Methodology
How the data on this site gets from NHTSA to the page you’re reading.
Sources
- Recalls. NHTSA flat file
FLAT_RCL— every recall campaign since the agency began publishing. - Consumer complaints. NHTSA flat file
COMPLAINTS_RECEIVED_*— per-period dumps of every complaint filed with the agency. - Defect investigations. NHTSA flat file
FLAT_INV— every Office of Defects Investigation action. - Manufacturer service bulletins. NHTSA flat file
TSBS_RECEIVED_*— counted but not displayed in full (volume is too high). - NCAP star ratings. NHTSA SaferCar dataset.
Pipeline
- Parse. Each NHTSA flat file is parsed against a typed schema into a local DuckDB warehouse — roughly 8.8 million rows across recalls, complaints, investigations, bulletins, and ratings.

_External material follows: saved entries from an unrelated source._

(* Let ${\tt G}$ be a digraph with a fixed total order on its vertices, $R$ a commutative unital ring, $A$ a unital associative $R$-algebra and $M$ an $(A,A)$-bimodule. Setting $\mathcal F_{A,M}({\tt H}\preceq{\tt H}')$ to be the composite of the covering maps along any chain ${\tt H}={\tt H}_0\prec{\tt H}_1\prec\dots\prec{\tt H}_m={\tt H}'$ (and the identity when ${\tt H}={\tt H}'$) is well defined, and $\mathcal F_{A,M}\colon\mathbf P({\tt G})\to R\text{-}\mathbf{Mod}$ is a covariant functor.
   Context: A digraph ${\tt G}=(V,E)$ has finite $V$ and $E\subseteq(V\times V)\setminus\{(v,v)\}$; $s(e),t(e)$ are source and target of $e$. A multipath is a spanning subgraph (all vertices, subset of edges) each of whose components (of the underlying undirected graph) is an isolated vertex or a simple directed path. $P({\tt G})$ is the set of multipaths ordered by inclusion of edge sets, ${\tt H}\prec{\tt H}\cup e$ the covering relation (add one edge), and $\mathbf P({\tt G})$ the category with a unique morphism ${\tt H}\to{\tt H}'$ iff ${\tt H}\le{\tt H}'$. For a multipath ${\tt H}$ with components $c_0<\dots<c_k$ ordered by minimal vertex, $\mathcal F_{A,M}({\tt H})=M\otimes_R A\otimes_R\cdots\otimes_R A$ (factor $M$ for $c_0$, factor $A$ for $c_1,\dots,c_k$). For ${\tt H}\prec{\tt H}\cup e$ let $s,t$ be the indices of the components of ${\tt H}$ containing $s(e),t(e)$ (so $s\neq t$); the components of ${\tt H}\cup e$ are those of ${\tt H}$ with $c_s,c_t$ merged into one component placed at position $\min(s,t)$, the others keeping their order, and the covering map $\mathcal F_{A,M}({\tt H}\prec{\tt H}\cup e)$ sends $a_0\otimes\cdots\otimes a_k$ to the tensor obtained by replacing $a_s,a_t$ with the single factor $a_s\cdot a_t$ (algebra product or bimodule action) in position $\min(s,t)$. *)

theory Defs
  imports Main
begin

definition RA_bimodule ::
  "('r::comm_ring_1 \<Rightarrow> 'a::ring_1 \<Rightarrow> 'a) \<Rightarrow> ('r \<Rightarrow> 'm::ab_group_add \<Rightarrow> 'm)
   \<Rightarrow> ('a \<Rightarrow> 'm \<Rightarrow> 'm) \<Rightarrow> ('m \<Rightarrow> 'a \<Rightarrow> 'm) \<Rightarrow> bool" where
  "RA_bimodule sA sM lact ract \<longleftrightarrow>
     \<comment> \<open>A is an R-module\<close>
     (\<forall>r s a. sA (r + s) a = sA r a + sA s a) \<and>
     (\<forall>r a b. sA r (a + b) = sA r a + sA r b) \<and>
     (\<forall>r s a. sA (r * s) a = sA r (sA s a)) \<and>
     (\<forall>a. sA 1 a = a) \<and>
     \<comment> \<open>A is an R-algebra\<close>
     (\<forall>r a b. sA r (a * b) = sA r a * b) \<and>
     (\<forall>r a b. sA r (a * b) = a * sA r b) \<and>
     \<comment> \<open>M is an R-module\<close>
     (\<forall>r s m. sM (r + s) m = sM r m + sM s m) \<and>
     (\<forall>r m n. sM r (m + n) = sM r m + sM r n) \<and>
     (\<forall>r s m. sM (r * s) m = sM r (sM s m)) \<and>
     (\<forall>m. sM 1 m = m) \<and>
     \<comment> \<open>M is a left A-module\<close>
     (\<forall>a b m. lact (a + b) m = lact a m + lact b m) \<and>
     (\<forall>a m n. lact a (m + n) = lact a m + lact a n) \<and>
     (\<forall>a b m. lact (a * b) m = lact a (lact b m)) \<and>
     (\<forall>m. lact 1 m = m) \<and>
     \<comment> \<open>M is a right A-module\<close>
     (\<forall>a b m. ract m (a + b) = ract m a + ract m b) \<and>
     (\<forall>a m n. ract (m + n) a = ract m a + ract n a) \<and>
     (\<forall>a b m. ract m (a * b) = ract (ract m a) b) \<and>
     (\<forall>m. ract m 1 = m) \<and>
     \<comment> \<open>bimodule compatibility\<close>
     (\<forall>a b m. ract (lact a m) b = lact a (ract m b)) \<and>
     \<comment> \<open>compatibility of the actions with the R-structure\<close>
     (\<forall>r a m. lact (sA r a) m = sM r (lact a m)) \<and>
     (\<forall>r a m. lact a (sM r m) = sM r (lact a m)) \<and>
     (\<forall>r a m. ract m (sA r a) = sM r (ract m a)) \<and>
     (\<forall>r a m. ract (sM r m) a = sM r (ract m a))"

text \<open>A digraph is a finite vertex set V (of a linearly ordered type, giving the fixed
  total order on vertices) and E \<subseteq> (V \<times> V) minus the diagonal. A spanning subgraph is
  given by its edge set H \<subseteq> E.\<close>

definition digraph :: "'v set \<Rightarrow> ('v \<times> 'v) set \<Rightarrow> bool" where
  "digraph V E \<longleftrightarrow> finite V \<and> E \<subseteq> V \<times> V \<and> (\<forall>v. (v, v) \<notin> E)"

definition ucomp :: "'v set \<Rightarrow> ('v \<times> 'v) set \<Rightarrow> 'v \<Rightarrow> 'v set" where
  "ucomp V H v = {w \<in> V. (v, w) \<in> (H \<union> H\<inverse>)\<^sup>*}"

definition comps :: "'v set \<Rightarrow> ('v \<times> 'v) set \<Rightarrow> 'v set set" where
  "comps V H = ucomp V H ` V"

definition is_simple_dipath :: "'v set \<Rightarrow> ('v \<times> 'v) set \<Rightarrow> bool" where
  "is_simple_dipath C H \<longleftrightarrow>
     (\<exists>vs. distinct vs \<and> set vs = C \<and>
        {e \<in> H. fst e \<in> C \<or> snd e \<in> C} = {(vs ! i, vs ! Suc i) | i. Suc i < length vs})"

definition multipath :: "'v set \<Rightarrow> ('v \<times> 'v) set \<Rightarrow> ('v \<times> 'v) set \<Rightarrow> bool" where
  "multipath V E H \<longleftrightarrow> H \<subseteq> E \<and> (\<forall>C \<in> comps V H. is_simple_dipath C H)"

definition covers :: "'v set \<Rightarrow> ('v \<times> 'v) set \<Rightarrow> ('v \<times> 'v) set \<Rightarrow> ('v \<times> 'v) \<Rightarrow> bool" where
  "covers V E H e \<longleftrightarrow> multipath V E H \<and> multipath V E (insert e H) \<and> e \<notin> H"

definition comp_idx :: "'v::linorder set \<Rightarrow> ('v \<times> 'v) set \<Rightarrow> 'v \<Rightarrow> nat" where
  "comp_idx V H x = card {C \<in> comps V H. Min C < Min (ucomp V H x)}"

text \<open>A pure tensor m \<otimes> a_1 \<otimes> ... \<otimes> a_k of F(H) = M \<otimes> A^{\<otimes> k} is represented by the pair
  (m, [a_1,...,a_k]). Since pure tensors generate the tensor product and all maps involved
  are R-linear, maps out of F(H) are determined by their values on pure tensors.\<close>

definition pure_tensors :: "'v set \<Rightarrow> ('v \<times> 'v) set \<Rightarrow> ('m \<times> 'a list) set" where
  "pure_tensors V H = {(m, as). Suc (length as) = card (comps V H)}"

definition del_nth :: "nat \<Rightarrow> 'x list \<Rightarrow> 'x list" where
  "del_nth i xs = take i xs @ drop (Suc i) xs"

text \<open>Merging the factors in positions s and t (positions counted with the M factor at
  position 0): the factors are replaced by a_s \<cdot> a_t in position min s t.\<close>
definition merge_factors ::
  "('a::ring_1 \<Rightarrow> 'm \<Rightarrow> 'm) \<Rightarrow> ('m \<Rightarrow> 'a \<Rightarrow> 'm) \<Rightarrow> nat \<Rightarrow> nat \<Rightarrow> 'm \<times> 'a list \<Rightarrow> 'm \<times> 'a list" where
  "merge_factors lact ract s t x =
     (case x of (m, as) \<Rightarrow>
       if s = 0 then (ract m (as ! (t - 1)), del_nth (t - 1) as)
       else if t = 0 then (lact (as ! (s - 1)) m, del_nth (s - 1) as)
       else (m, del_nth (max s t - 1) (as[min s t - 1 := as ! (s - 1) * as ! (t - 1)])))"

definition cover_map ::
  "('a::ring_1 \<Rightarrow> 'm \<Rightarrow> 'm) \<Rightarrow> ('m \<Rightarrow> 'a \<Rightarrow> 'm) \<Rightarrow> 'v::linorder set \<Rightarrow> ('v \<times> 'v) set \<Rightarrow> ('v \<times> 'v)
    \<Rightarrow> 'm \<times> 'a list \<Rightarrow> 'm \<times> 'a list" where
  "cover_map lact ract V H e = merge_factors lact ract (comp_idx V H (fst e)) (comp_idx V H (snd e))"

definition is_chain ::
  "'v set \<Rightarrow> ('v \<times> 'v) set \<Rightarrow> ('v \<times> 'v) set \<Rightarrow> ('v \<times> 'v) set \<Rightarrow> ('v \<times> 'v) list \<Rightarrow> bool" where
  "is_chain V E H H' es \<longleftrightarrow> multipath V E H \<and>
     (\<forall>i < length es. covers V E (H \<union> set (take i es)) (es ! i)) \<and>
     H \<union> set es = H'"

fun chain_map ::
  "('a::ring_1 \<Rightarrow> 'm \<Rightarrow> 'm) \<Rightarrow> ('m \<Rightarrow> 'a \<Rightarrow> 'm) \<Rightarrow> 'v::linorder set \<Rightarrow> ('v \<times> 'v) set \<Rightarrow> ('v \<times> 'v) list
    \<Rightarrow> 'm \<times> 'a list \<Rightarrow> 'm \<times> 'a list" where
  "chain_map lact ract V H [] x = x"
| "chain_map lact ract V H (e # es) x = chain_map lact ract V (insert e H) es (cover_map lact ract V H e x)"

- Aggregate. The warehouse is projected into a small read-only SQLite file. Per-vehicle counts, per-component complaint tallies, and severity rollups are precomputed. Long campaign and investigation descriptions are stored once and joined, not duplicated per affected model.
- Render. The site is a static Next.js build that reads only from the shipped SQLite. No data is fetched from NHTSA at request time.

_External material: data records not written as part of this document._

theorem mainTheorem3:
  fixes C :: "('a::{finite,field} ^ 'n) set"
    and \<epsilon> :: real and k L \<tau> :: nat
  assumes eps: "0 < \<epsilon>" "\<epsilon> \<le> 1/2"
    and lin: "vec.subspace C" and dimC: "vec.dim C = k"
    and rate: "\<epsilon> \<le> real k / real CARD('n)" "real k / real CARD('n) \<le> 1 - \<epsilon>"
    and Lpos: "0 < L"
    and Lbound: "real L < 1 / sqrt (2 * real CARD('n)) * 2 powr (eta CARD('a) \<epsilon> * real CARD('n))"
    and tau: "real \<tau> \<ge> real L * (real CARD('n) - real k) / (real L + 1)"
    and ld: "list_decodable C \<tau> L"
  shows "is_MDS C"
proof (rule ccontr)
  assume not_MDS: "\<not> is_MDS C"
  have n: "real CARD('n) > 0" by simp
  have k: "\<epsilon> * real CARD('n) \<le> real k" "real k \<le> (1 - \<epsilon>) * real CARD('n)"
    using rate n by (simp_all add: field_simps)
  have \<tau>: "real L * (real CARD('n) - real k) \<le> real \<tau> * (real L + 1)"
    using tau by (simp add: field_simps)
  show False
  proof (cases "L + 1 \<le> CARD('a)")
    case True
    have "0 < \<epsilon> * real CARD('n)" using eps n by simp
    then have "1 \<le> vec.dim C" using k dimC by simp
    then show False
      using not_list_decodable_if_not_MDS[OF lin _ not_MDS True] \<tau> ld unfolding dimC by blast
  next
    case False
    then have "CARD('a) \<le> L" by simp
    then show False
      using not_list_decodable_if_large_list[OF lin eps] k \<tau> Lbound ld unfolding dimC by blast
  qed
qed

end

- Refresh. A nightly job pulls deltas from NHTSA’s public APIs and rebuilds the SQLite. The site redeploys automatically.
Caveats
- Complaints are filings, not findings. A complaint count is the number of reports NHTSA received from consumers. Complaints are not validated incidents and are not evidence that the vehicle has a defect.
- Severity tallies are reported, not verified. “Crashes,” “fires,” “injuries,” and “fatalities” come from individual complaints. NHTSA does not verify each one.
- No data is not no defect. An empty page is just an empty page. Low-volume models attract fewer complaints simply because fewer of them are on the road.
- Recalls are by campaign. One campaign can apply to multiple models and multiple years. The same campaign will appear on every affected vehicle’s page.
- NCAP coverage is partial. NHTSA only crash-tests a subset of model years. Older and low-volume models often have no rating.
For the original data and primary documentation, see nhtsa.gov/nhtsa-datasets-and-apis.